Björk singles chronology
| "I Miss You" (1997) | "Jóga" (1997) | "Bachelorette" (1997) |

Music video
- "Jóga" on YouTube

= Jóga =

1997 single by Björk

"Jóga" is a song recorded by Icelandic singer, songwriter, and actress Björk for her third studio album, Homogenic (1997). (Note: Homogenic is officially considered to be Björk's third solo album, although technically it can be viewed as fourth if to count her 1977 juvenilia work, or fifth, counting in her 1990 jazz output Gling-Gló.) An electronica song, "Jóga" fuses these elements with baroque and classical styles. The track's sound was partially inspired by Icelandic music, containing what have been described as "volcanic beats". Lyrically, the piece is an ode to Björk's native land and her best friend, while containing subtexts relating to the state of emergency.

"Jóga" was released as the lead single from Homogenic on 15 September 1997 to critical acclaim, with reviewers praising her powerful vocal performance, as well as the track's composition and overall production. Commercially, the song was a moderate success, but peaked at number one in Björk's native Iceland.

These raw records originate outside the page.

lemma arg_prepend: "arg x (prepend m w k) (n + m) = arg (branch x w m) k n"
proof -
  let ?c = "\<lambda>j. real (prepend m w k j) * real b ^ j"
  have split: "(\<Sum>j<m + l. ?c j) = (\<Sum>j<m. ?c j) + (\<Sum>j<l. ?c (m + j))" for l
    by (induction l) simp_all
  have "(\<Sum>j<m + (n + 1). ?c j)
      = (\<Sum>j<m. real (w j) * real b ^ j) + real b ^ m * (\<Sum>j<n + 1. real (k j) * real b ^ j)"
    unfolding split by (simp add: prepend_def power_add sum_distrib_left distrib_left mult_ac)
  then show ?thesis
    using b_pos unfolding arg_eq_branch branch_def
    by (simp add: field_simps power_add add.commute add.left_commute)
qed

lemma S'_inf_prepend:
  assumes w: "seq_ok b w" and k: "seq_ok b k" and x: "x \<in> {0..1}"
  shows "S'_inf x (prepend m w k) = S'_part x w m + q ^ m * S'_inf (branch x w m) k"
proof -
  have "S'_inf x (prepend m w k) = (\<Sum>n. S'_term x (prepend m w k) (n + m)) + S'_part x (prepend m w k) m"
    unfolding S'_inf_def S'_part_def
    by (rule suminf_split_initial_segment[OF summable_S'_term[OF seq_ok_prepend[OF w k] x]])
  also have "(\<Sum>n. S'_term x (prepend m w k) (n + m)) = (\<Sum>n. q ^ m * S'_term (branch x w m) k n)"
    unfolding S'_term_def arg_prepend q_def using b_pos by (simp add: field_simps power_add power_divide)
  also have "\<dots> = q ^ m * S'_inf (branch x w m) k"
    unfolding S'_inf_def by (rule suminf_mult[OF summable_S'_term[OF k branch_in_unit[OF w x]]])
  also have "S'_part x (prepend m w k) m = S'_part x w m"
    by (rule S'_part_cong) (simp add: prepend_def)
  finally show ?thesis
    by simp
qed

lemma isCont_S'_part: "isCont (\<lambda>x. S'_part x k m) x"
  unfolding S'_part_def S'_term_def arg_def
  by (intro continuous_intros isCont_o2[OF _ \<psi>_cont]) (use b_pos in auto)

lemma continuous_on_S'_inf: "seq_ok b k \<Longrightarrow> continuous_on {0..1} (\<lambda>x. S'_inf x k)"
proof (rule uniform_limit_theorem)
  assume "seq_ok b k"
  then show "uniform_limit {0..1} (\<lambda>m x. S'_part x k m) (\<lambda>x. S'_inf x k) sequentially"
    unfolding S'_part_def S'_inf_def
    by (intro Weierstrass_m_test[where M = "\<lambda>n. M\<^sub>1 / real b * q ^ n"] summable_mult summable_geometric)
      (use S'_term_bound q_pos q_less_1 in auto)
  show "\<forall>\<^sub>F m in sequentially. continuous_on {0..1} (\<lambda>x. S'_part x k m)"
    by (intro always_eventually allI continuous_at_imp_continuous_on ballI isCont_S'_part)
qed simp

lemma S_term_has_derivative:
  "((\<lambda>x. \<gamma> ^ n * \<phi> (arg x k n)) has_real_derivative S'_term x k n) (at x)"
proof -
  have "((\<lambda>x. arg x k n) has_real_derivative 1 / real b ^ (n + 1)) (at x)"
    unfolding arg_def using b_pos by (auto intro!: derivative_eq_intros)
  from DERIV_cmult[OF DERIV_chain2[OF \<phi>_deriv this], of "\<gamma> ^ n"] show ?thesis
    by (simp add: S'_term_def)
qed

lemma S_part_has_derivative: "((\<lambda>x. S_part x k m) has_real_derivative S'_part x k m) (at x)"
  unfolding S_part_def S'_part_def by (intro DERIV_sum S_term_has_derivative)

lemma S_inf_eq_suminf: "S_inf b \<gamma> \<phi> x k = (\<Sum>n. \<gamma> ^ n * \<phi> (arg x k n))"
  by (simp add: S_inf_def arg_def)

lemma
  assumes "seq_ok b k" "x \<in> {0..1}"
  shows summable_S_term: "summable (\<lambda>n. \<gamma> ^ n * \<phi> (arg x k n))"
    and S_inf_bound: "\<bar>S_inf b \<gamma> \<phi> x k\<bar> \<le> M\<^sub>0 / (1 - \<gamma>)"
proof -
  have "\<bar>\<gamma> ^ n * \<phi> (arg x k n)\<bar> \<le> M\<^sub>0 * \<gamma> ^ n" for n
    using \<gamma>_pos \<phi>_bound[OF arg_in_unit[OF assms]] by (simp add: abs_mult mult_left_mono mult.commute)
  note tail = suminf_tail_le_geometric[OF less_imp_le[OF \<gamma>_pos] \<gamma>_less_1 this]
  show "summable (\<lambda>n. \<gamma> ^ n * \<phi> (arg x k n))"
    by (rule tail(1))
  show "\<bar>S_inf b \<gamma> \<phi> x k\<bar> \<le> M\<^sub>0 / (1 - \<gamma>)"
    using tail(2)[of 0] by (simp add: S_inf_eq_suminf)
qed

lemma S_inf_has_derivative:
  assumes k: "seq_ok b k" and x: "x \<in> {0..1}"
  shows "((\<lambda>x. S_inf b \<gamma> \<phi> x k) has_real_derivative S'_inf x k) (at x within {0..1})"
proof -
  have uniform: "uniform_limit {0..1} (\<lambda>m x. \<Sum>n<m. S'_term x k n) (\<lambda>x. S'_inf x k) sequentially"
    unfolding S'_inf_def
    by (intro Weierstrass_m_test[where M = "\<lambda>n. M\<^sub>1 / real b * q ^ n"] summable_mult summable_geometric)
      (use S'_term_bound[OF k] q_pos q_less_1 in auto)
  obtain g where g: "\<forall>x\<in>{0..1}. (\<lambda>n. \<gamma> ^ n * \<phi> (arg x k n)) sums g x
      \<and> (g has_real_derivative S'_inf x k) (at x within {0..1})"
    using has_field_derivative_series[OF convex_real_interval(5)
        has_field_derivative_at_within[OF S_term_has_derivative] uniform x summable_S_term[OF k x]]
    by blast
  have g_eq: "g y = S_inf b \<gamma> \<phi> y k" if "y \<in> {0..1}" for y
    using g that by (simp add: S_inf_eq_suminf sums_iff)
  from g x have "(g has_real_derivative S'_inf x k) (at x within {0..1})"
    by blast
  then show ?thesis
    by (rule has_field_derivative_transform_within[OF _ zero_less_one x]) (rule g_eq)
qed

section \<open>Non-degeneracy from condition (H)\<close>

lemma eventually_q_power_less: "0 < e \<Longrightarrow> \<forall>\<^sub>F m in sequentially. C * q ^ m < e"
proof (rule order_tendstoD(2))
  show "(\<lambda>m. C * q ^ m) \<longlonglongrightarrow> 0"
    using tendsto_mult[OF tendsto_const LIMSEQ_power_zero, of q C] q_pos q_less_1 by simp
qed

(* The margins 2 M1 q^m and 4 M1 q^m absorb the error bound of S'_fin_prefix_approx. *)
definition separating :: "nat \<Rightarrow> real \<Rightarrow> (nat \<Rightarrow> nat) \<Rightarrow> (nat \<Rightarrow> nat) \<Rightarrow> bool" where
  "separating m x k k' \<longleftrightarrow>
     2 * M\<^sub>1 * q ^ m < \<bar>S'_part x k m\<bar> \<and> 2 * M\<^sub>1 * q ^ m < \<bar>S'_part x k' m\<bar> \<and>
     4 * M\<^sub>1 * q ^ m < \<bar>S'_part x k m - S'_part x k' m\<bar>"
(* Consider the following four sequences of groups $G_d$ acting on spaces $V_d$, each with the zero-padding maps $\gamma_d\colon V_d\to V_{d+1}$: (i) $V_d=\mathbb{R}^d$, $G_d=\mathfrak{S}_d$ permuting coordinates, $\gamma_d(x)=(x,0)$; (ii) $V_d=\mathbb{R}^{d\times k}$, $G_d=\mathfrak{S}_d$ permuting rows, $\gamma_d$ appending a zero row; (iii) $V_d$ the real symmetric $d\times d$ matrices, $G_d=\mathfrak{S}_d$ acting by $X\mapsto PXP^\top$, $\gamma_d$ appending a zero row and a zero column; (iv) $V_d=\mathbb{R}^{d\times k}$, $G_d$ generated by row permutations and right multiplication by $O(k)$ (acting by $X\mapsto PXQ$), $\gamma_d$ appending a zero row. In each case $\{(V_d,\gamma_d)\}_{d\in\mathbb{N}}$ is a consistent sequence, and for each fixed $m$, for all $d\ge D$ the restriction map $\mathbb{R}[V_{d+1}]_m^{G_{d+1}}\to\mathbb{R}[V_d]_m^{G_d}$, $f\mapsto f\circ\gamma_d$, is a linear isomorphism, where $D=m,\ m,\ 2m,\ 2m$ in cases (i), (ii), (iii), (iv) respectively. That is, the stability degree of $\{(\mathbb{R}[V_d]_m,\gamma_d)\}_{d\in\mathbb{N}}$ is at most $D$.
   Context: A consistent sequence is a sequence of Euclidean spaces $V_d$ with a nested sequence of compact groups $G_1\subseteq G_2\subseteq\cdots$, $G_d$ acting linearly and orthogonally on $V_d$, together with linear isometries $\gamma_d\colon V_d\to V_{d+1}$ that are $G_d$-equivariant: $\gamma_d(gx)=g\gamma_d(x)$ for $x\in V_d$, $g\in G_d$ (where $G_d\subseteq G_{d+1}$ acts on $V_{d+1}$ fixing the added coordinates). $\mathbb{R}[V]_m$ is the space of real polynomials on $V$ of degree at most $m$ and $\mathbb{R}[V]_m^G$ the $G$-invariant ones. The stability degree of $\{(\mathbb{R}[V_d]_m,\gamma_d)\}$ is the smallest $D$ such that $f\mapsto f\circ\gamma_d$ restricts to an isomorphism $\mathbb{R}[V_{d+1}]_m^{G_{d+1}}\to\mathbb{R}[V_d]_m^{G_d}$ for all $d\ge D$. *)

theory Defs
  imports Complex_Main "HOL-Combinatorics.Permutations"
begin

text \<open>Ambient model: points of V_d are real-valued functions on a coordinate type 'c
  that vanish outside a finite coordinate set C d.  Zero padding is then the natural
  embedding V_d into V_(d+1).\<close>

definition supp_mi :: "('c \<Rightarrow> nat) \<Rightarrow> 'c set" where
  "supp_mi \<alpha> = {c. \<alpha> c \<noteq> 0}"

definition monomial_fun :: "('c \<Rightarrow> nat) \<Rightarrow> ('c \<Rightarrow> real) \<Rightarrow> real" where
  "monomial_fun \<alpha> x = (\<Prod>c\<in>supp_mi \<alpha>. x c ^ \<alpha> c)"

definition mdeg :: "('c \<Rightarrow> nat) \<Rightarrow> nat" where
  "mdeg \<alpha> = (\<Sum>c\<in>supp_mi \<alpha>. \<alpha> c)"

definition poly_funs :: "('c \<Rightarrow> real) set \<Rightarrow> nat \<Rightarrow> (('c \<Rightarrow> real) \<Rightarrow> real) set" where
  "poly_funs V m = {f. (\<forall>x. x \<notin> V \<longrightarrow> f x = 0) \<and>
     (\<exists>A coef. finite A \<and> (\<forall>\<alpha>\<in>A. finite (supp_mi \<alpha>) \<and> mdeg \<alpha> \<le> m) \<and>
        (\<forall>x\<in>V. f x = (\<Sum>\<alpha>\<in>A. coef \<alpha> * monomial_fun \<alpha> x)))}"

definition invariant_polys ::
  "('c \<Rightarrow> real) set \<Rightarrow> (('c \<Rightarrow> real) \<Rightarrow> ('c \<Rightarrow> real)) set \<Rightarrow> nat \<Rightarrow> (('c \<Rightarrow> real) \<Rightarrow> real) set" where
  "invariant_polys V G m = {f \<in> poly_funs V m. \<forall>g\<in>G. \<forall>x\<in>V. f (g x) = f x}"

definition restr :: "('c \<Rightarrow> real) set \<Rightarrow> (('c \<Rightarrow> real) \<Rightarrow> ('c \<Rightarrow> real)) \<Rightarrow>
    (('c \<Rightarrow> real) \<Rightarrow> real) \<Rightarrow> ('c \<Rightarrow> real) \<Rightarrow> real" where
  "restr V \<gamma> f = (\<lambda>x. if x \<in> V then f (\<gamma> x) else 0)"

==Recording and production==

"With this song, I really had a sort of National Anthem in mind. Not the National Anthem but certain classic Icelandic songs - very romantic, very proud"
— —Björk interviewed by David Hemingway

Like most of Homogenic, "Jóga" was recorded and produced at El Cortijo in Málaga, Spain. Björk wrote the song while walking and admiring the landscape, a common way for her to write songs since childhood.

She explained "an overall picture" of it to engineer Markus Dravs, who then came out with a rhythm that she felt was "too abstract". Mark Bell, the producer of the track, then came and "took 99 percent of what [he] did and came up with some noises", giving Dravs new ideas. Björk wrote the string arrangements, which were provided late in the production process by the Icelandic String Octet.

==Music and lyrics==
"Jóga" is dedicated to—and named after—Björk's best friend, Jóga Gnarr Jóhannsdóttir (the wife of former Mayor of Reykjavík Jón Gnarr), whom Björk would usually thank in her album credits. The song is also a dedication to her native Iceland, an example of Björk's desire to have a conceptual focus on the country for Homogenic. Referring to this concept, she told Oor: "The electronic beats are the rhythm, the heartbeat. The violins create the old fashioned atmosphere, the colouring." "Jóga" has been described as "the real conceptual heart of the record" and "a sonic picture of the geographical beauty of her homeland". The track showcases these hybrid elements of strings and electronic backing beats through the album, thus being described as "baroque electronica" by Slant Magazines Sal Cinquemani.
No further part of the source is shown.